Giving Up
Well, it looks like Democrats are giving up on recalling Scott Walker. The DNC has still refused to help. Obama has stayed far away in a state that is a toss-up in November and is quite important to his reelection strategy. Poll numbers aren’t moving. Labor is organizing to get people out, but of course the Republican base is just as motivated. Some are saying that the recall strategy is bad on principle because where does it end? I actually more or less agree with that critique.
And while I am very disappointed in the national Democratic Party, I am also disappointed in the Wisconsin Democratic Party. Tom Barrett is an awful candidate. Here you have a grassroots labor campaign to drive out an incredibly evil governor.
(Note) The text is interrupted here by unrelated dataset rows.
lemma dim_orthogonal_hyperplane:
  fixes v :: "'a::euclidean_space"
  assumes "subspace S" "v \<in> S" "v \<noteq> 0"
  shows "dim {y\<in>S. v \<bullet> y = 0} + 1 = dim S"
proof -
  have "span {v} \<subseteq> S" using assms by (intro span_minimal) auto
  then have "dim {y \<in> S. \<forall>x \<in> span {v}. orthogonal x y} + dim (span {v}) = dim S"
    using dim_subspace_orthogonal_to_vectors[OF subspace_span assms(1)] by blast
  moreover have "{y \<in> S. \<forall>x \<in> span {v}. orthogonal x y} = {y\<in>S. v \<bullet> y = 0}"
    by (auto simp: span_singleton orthogonal_def)
  moreover have "dim (span {v}) = 1" using assms(3) by (simp add: dim_span dim_singleton)
  ultimately show ?thesis by simp
qed

lemma orthonormal_basis_of_Cons:
  fixes v :: "'a::euclidean_space"
  assumes "subspace S" "v \<in> S" "norm v = 1"
    and "orthonormal_basis_of {y\<in>S. v \<bullet> y = 0} ws"
  shows "orthonormal_basis_of S (v # ws)"
proof -
  have ws: "length ws = dim {y\<in>S. v \<bullet> y = 0}" "set ws \<subseteq> S" "\<And>w. w \<in> set ws \<Longrightarrow> v \<bullet> w = 0"
    "\<And>i j. i < length ws \<Longrightarrow> j < length ws \<Longrightarrow> ws ! i \<bullet> ws ! j = (if i = j then 1 else 0)"
    using assms(4) unfolding orthonormal_basis_of_def by auto
  have vv: "v \<bullet> v = 1" using assms(3) by (simp add: dot_square_norm)
  have "(v # ws) ! i \<bullet> (v # ws) ! j = (if i = j then 1 else 0)"
    if "i < Suc (length ws)" "j < Suc (length ws)" for i j
    using that vv ws(3)[OF nth_mem] ws(4)
    by (cases i; cases j) (auto simp: inner_commute)
  moreover have "dim S = Suc (length ws)"
    using dim_orthogonal_hyperplane[OF assms(1,2)] assms(3) ws(1) by fastforce
  ultimately show ?thesis
    unfolding orthonormal_basis_of_def using ws(2) assms(2) by auto
qed

lemma Cons_mem_A_set:
  assumes "z \<in> A_set ws e" "\<bar>c\<bar> \<le> 1" "0 \<le> \<delta>" "\<delta> \<le> e"
  shows "c *\<^sub>R v + (\<delta> * \<bar>c\<bar>) *\<^sub>R z \<in> A_set (v # ws) e"
proof -
  obtain d where z: "z = (\<Sum>i<length ws. d i *\<^sub>R ws ! i)" and "\<bar>d 0\<bar> \<le> 1"
    and d: "\<And>i. Suc i < length ws \<Longrightarrow> \<bar>d (Suc i)\<bar> \<le> e * \<bar>d i\<bar>"
    using assms(1) unfolding A_set_def by blast
  define c' where "c' i = (if i = 0 then c else \<delta> * \<bar>c\<bar> * d (i - 1))" for i
  have "c *\<^sub>R v + (\<delta> * \<bar>c\<bar>) *\<^sub>R z = (\<Sum>i<length (v # ws). c' i *\<^sub>R (v # ws) ! i)"
    unfolding z
    by (simp only: length_Cons sum.lessThan_Suc_shift nth_Cons_0 nth_Cons_Suc)
       (simp add: c'_def scaleR_sum_right)
  moreover have "\<bar>c' (Suc i)\<bar> \<le> e * \<bar>c' i\<bar>" if "Suc i < length (v # ws)" for i
  proof (cases i)
    case 0
    have "\<delta> * \<bar>c\<bar> * \<bar>d 0\<bar> \<le> e * \<bar>c\<bar> * 1"
      using \<open>\<bar>d 0\<bar> \<le> 1\<close> assms(3,4) by (intro mult_mono) auto
    then show ?thesis using 0 assms(3) by (simp add: c'_def abs_mult)
  next
    case (Suc j)
    have "\<delta> * \<bar>c\<bar> * \<bar>d (Suc j)\<bar> \<le> \<delta> * \<bar>c\<bar> * (e * \<bar>d j\<bar>)"
      using d[of j] that Suc assms(3) by (intro mult_left_mono) auto
    then show ?thesis using Suc assms(3) by (simp add: c'_def abs_mult mult_ac)
  qed
  moreover have "\<bar>c' 0\<bar> \<le> 1" using assms(2) by (simp add: c'_def)
  ultimately show ?thesis unfolding A_set_def by blast
qed

lemma zero_mem_cone_around: "0 \<in> cone_around v \<delta>"
  by (simp add: cone_around_def)

lemma scaleR_mem_cone_around:
  assumes "x \<in> cone_around v \<delta>" "t \<ge> 0"
  shows "t *\<^sub>R x \<in> cone_around v \<delta>"
proof -
  have "t *\<^sub>R x - (t *\<^sub>R x \<bullet> v) *\<^sub>R v = t *\<^sub>R (x - (x \<bullet> v) *\<^sub>R v)"
    by (simp add: algebra_simps)
  then have "norm (t *\<^sub>R x - (t *\<^sub>R x \<bullet> v) *\<^sub>R v) = t * norm (x - (x \<bullet> v) *\<^sub>R v)"
    using assms(2) by simp
  also have "\<dots> \<le> t * (\<delta> * \<bar>x \<bullet> v\<bar>)"
    using assms unfolding cone_around_def by (intro mult_left_mono) auto
  also have "\<dots> = \<delta> * \<bar>t *\<^sub>R x \<bullet> v\<bar>" using assms(2) by (simp add: abs_mult)
  finally show ?thesis unfolding cone_around_def by simp
qed

text \<open>Compactness of the unit sphere of \<open>S\<close>, covered by the open cones
  \<open>\<parallel>x - (x \<bullet> v) v\<parallel> < \<delta> v \<bar>x \<bullet> v\<bar>\<close>; the origin lies in every cone and the rest of \<open>S\<close>
  is reached by scaling.\<close>

lemma finite_cone_cover:
  fixes S :: "'a::euclidean_space set"
  assumes "subspace S" "S \<noteq> {0}" "\<And>v. v \<in> S \<Longrightarrow> norm v = 1 \<Longrightarrow> \<delta> v > 0"
  obtains T where "finite T" "T \<subseteq> S \<inter> sphere 0 1" "S \<subseteq> (\<Union>v\<in>T. cone_around v (\<delta> v))"
proof -
  define K where "K = S \<inter> sphere 0 1"
  define U where "U v = {x. norm (x - (x \<bullet> v) *\<^sub>R v) < \<delta> v * \<bar>x \<bullet> v\<bar>}" for v
  have open_U: "open (U v)" for v
    unfolding U_def by (intro open_Collect_less continuous_intros)
  have K_cover: "K \<subseteq> \<Union>(U ` K)"
  proof
    fix v assume "v \<in> K"
    then have "v \<in> U v" using assms(3) unfolding K_def U_def by (simp add: dot_square_norm)
    with \<open>v \<in> K\<close> show "v \<in> \<Union>(U ` K)" by blast
  qed
  have "compact K"
    unfolding K_def Int_commute[of S]
    using compact_Int_closed[OF compact_sphere closed_subspace[OF assms(1)]] .
  then obtain T where T: "T \<subseteq> K" "finite T" "K \<subseteq> \<Union>(U ` T)"
    using compactE_image[OF _ open_U K_cover] by blast
  have "U v \<subseteq> cone_around v (\<delta> v)" for v
    unfolding U_def cone_around_def by auto
  then have UT: "u \<in> (\<Union>v\<in>T. cone_around v (\<delta> v))" if "u \<in> K" for u
    using T(3) that by blast
  obtain x0 where "x0 \<in> S" "x0 \<noteq> 0" using assms(2) subspace_0[OF assms(1)] by blast
  then have "x0 /\<^sub>R norm x0 \<in> K" unfolding K_def using assms(1) by (simp add: subspace_scale)
  then have "T \<noteq> {}" using UT by blast
  have "x \<in> (\<Union>v\<in>T. cone_around v (\<delta> v))" if "x \<in> S" for x
  proof (cases "x = 0")
    case True
    then show ?thesis using \<open>T \<noteq> {}\<close> zero_mem_cone_around by blast
  next
    case False
    then have "x /\<^sub>R norm x \<in> K" unfolding K_def using that assms(1) by (simp add: subspace_scale)
    then obtain v where "v \<in> T" "x /\<^sub>R norm x \<in> cone_around v (\<delta> v)" using UT by blast
    then have "norm x *\<^sub>R (x /\<^sub>R norm x) \<in> cone_around v (\<delta> v)"
      using scaleR_mem_cone_around norm_ge_zero by blast
    with \<open>v \<in> T\<close> False show ?thesis by auto
  qed
  with T(1,2) show ?thesis using that unfolding K_def by blast
qed

lemma cone_subset_A_set_Cons:
  fixes v :: "'a::euclidean_space"
  assumes S: "subspace S" and "v \<in> S" "norm v = 1"
    and cover: "cball 0 1 \<inter> {y\<in>S. v \<bullet> y = 0} \<subseteq> (\<Union>ws\<in>G. A_set ws (eps (v # ws)))"
    and "\<delta> > 0" "\<forall>ws\<in>G. \<delta> \<le> eps (v # ws)"
    and x: "x \<in> cball 0 1 \<inter> S" "x \<in> cone_around v \<delta>"
  shows "\<exists>ws\<in>G. x \<in> A_set (v # ws) (eps (v # ws))"
proof -
  define c where "c = x \<bullet> v"
  define y where "y = x - c *\<^sub>R v"
  define z where "z = (if c = 0 then 0 else (1 / (\<delta> * \<bar>c\<bar>)) *\<^sub>R y)"
  have "\<bar>c\<bar> \<le> 1"
    using Cauchy_Schwarz_ineq2[of x v] x(1) assms(3) unfolding c_def by auto
  have y_le: "norm y \<le> \<delta> * \<bar>c\<bar>" using x(2) unfolding cone_around_def y_def c_def by simp
  have x_eq: "x = c *\<^sub>R v + (\<delta> * \<bar>c\<bar>) *\<^sub>R z"
  proof (cases "c = 0")
    case True
    then show ?thesis using y_le unfolding z_def y_def by simp
  next
    case False
    then show ?thesis using \<open>\<delta> > 0\<close> unfolding z_def y_def by simp
  qed
  have "norm z \<le> 1"
    using y_le \<open>\<delta> > 0\<close> by (simp add: z_def field_simps)
  moreover have "z \<in> S"
    unfolding z_def y_def using S x(1) assms(2) by (simp add: subspace_diff subspace_scale subspace_0)
  moreover have "v \<bullet> z = 0"
    using assms(3) by (simp add: z_def y_def c_def inner_diff_right inner_commute dot_square_norm)
  ultimately obtain ws where "ws \<in> G" "z \<in> A_set ws (eps (v # ws))"
    using cover by force
  moreover have "\<delta> \<le> eps (v # ws)" using assms(6) \<open>ws \<in> G\<close> by blast
  ultimately show ?thesis
    using Cons_mem_A_set[of z ws _ c \<delta> v] \<open>\<bar>c\<bar> \<le> 1\<close> \<open>\<delta> > 0\<close> x_eq by auto
qed

lemma cball_inter_subspace_covered_from_hyperplanes:
  fixes S :: "'a::euclidean_space set"
  assumes S: "subspace S" "S \<noteq> {0}"
    and eps_pos: "\<And>vs. orthonormal_basis_of S vs \<Longrightarrow> eps vs > 0"
    and G_finite: "\<And>v. v \<in> S \<Longrightarrow> norm v = 1 \<Longrightarrow> finite (G v)"
    and G_basis: "\<And>v ws. v \<in> S \<Longrightarrow> norm v = 1 \<Longrightarrow> ws \<in> G v \<Longrightarrow>
      orthonormal_basis_of {y\<in>S. v \<bullet> y = 0} ws"
    and G_cover: "\<And>v. v \<in> S \<Longrightarrow> norm v = 1 \<Longrightarrow>
      cball 0 1 \<inter> {y\<in>S. v \<bullet> y = 0} \<subseteq> (\<Union>ws\<in>G v. A_set ws (eps (v # ws)))"
  shows "\<exists>F. finite F \<and> F \<subseteq> {vs. orthonormal_basis_of S vs} \<and>
           cball 0 1 \<inter> S \<subseteq> (\<Union>vs\<in>F. A_set vs (eps vs))"
proof -
  have basis_Cons: "orthonormal_basis_of S (v # ws)" if "v \<in> S" "norm v = 1" "ws \<in> G v" for v ws
    using orthonormal_basis_of_Cons[OF S(1) that(1,2) G_basis[OF that]] .
  define \<delta> where "\<delta> v = Min (insert 1 ((\<lambda>ws. eps (v # ws)) ` G v))" for v
  have \<delta>_pos: "\<delta> v > 0" if "v \<in> S" "norm v = 1" for v
    unfolding \<delta>_def using G_finite[OF that] basis_Cons[OF that] eps_pos
    by (subst Min_gr_iff) auto
  have \<delta>_le: "\<forall>ws\<in>G v. \<delta> v \<le> eps (v # ws)" if "v \<in> S" "norm v = 1" for v
    unfolding \<delta>_def using G_finite[OF that] by auto
  obtain T where T: "finite T" "T \<subseteq> S \<inter> sphere 0 1"
      "S \<subseteq> (\<Union>v\<in>T. cone_around v (\<delta> v))"
    by (rule finite_cone_cover[OF S \<delta>_pos])
  have T_unit: "v \<in> S" "norm v = 1" if "v \<in> T" for v
    using T(2) that by auto
  define F where "F = (\<Union>v\<in>T. (\<lambda>ws. v # ws) ` G v)"
  have "finite F" unfolding F_def using T(1) G_finite T_unit by auto
  moreover have "F \<subseteq> {vs. orthonormal_basis_of S vs}"
    unfolding F_def using basis_Cons T_unit by auto
  moreover have "cball 0 1 \<inter> S \<subseteq> (\<Union>vs\<in>F. A_set vs (eps vs))"
  proof
    fix x assume x: "x \<in> cball 0 1 \<inter> S"
    then obtain v where v: "v \<in> T" "x \<in> cone_around v (\<delta> v)" using T(3) by blast
    then obtain ws where "ws \<in> G v" "x \<in> A_set (v # ws) (eps (v # ws))"
      using cone_subset_A_set_Cons[OF S(1) T_unit[OF v(1)] G_cover _ _ x v(2)]
        \<delta>_pos \<delta>_le T_unit[OF v(1)] by blast
    then show "x \<in> (\<Union>vs\<in>F. A_set vs (eps vs))" unfolding F_def using v(1) by blast
  qed
  ultimately show ?thesis by blast
qed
They succeed in recalling him. But then Wisconsin Democrats don’t coalesce around a pro-labor candidate? They nominate the uninspiring milquetoast who lost to Walker the first time? Why? The short answer is obvious–he won the primary. But it’s also quite dispiriting that he did. Does labor not have the power in Wisconsin to win a Democratic primary with an extremely motivated and organized base? And if not in Wisconsin, can labor turn even a primary election anywhere? And since Barrett is downplaying the labor issue, why hold the recall at all? What a pathetic candidate.
This is also another horrible sign for upcoming state and local elections:
Funds have flowed in from major national Republican donors, including the Koch Brothers, Harold Simmons, and Bob Perry. The Republican National Committee has also opened up its coffers, with RNC Chair Reince Priebus announcing that his committee is “all in,” and a staffer telling the Beast they’ve committed “hundreds of thousands of dollars.” The most recent financial reports, filed May 1, show Milwaukee Mayor Tom Barrett, a Democrat, has raised $800,000, compared to $25 million for Walker, who’s benefitted from a loophole in the Wisconsin campaign finance law that allows unlimited contributions to elected officials facing recall. (Both campaigns have benefited from independent expenditures by outside groups, making Barrett’s cash disadvantage smaller than it appears.)
Well, I’m about as excited for the Scott Walker presidential campaign in 2016 as you are. Although that would probably be better than Walker in 2020, if you know what I mean.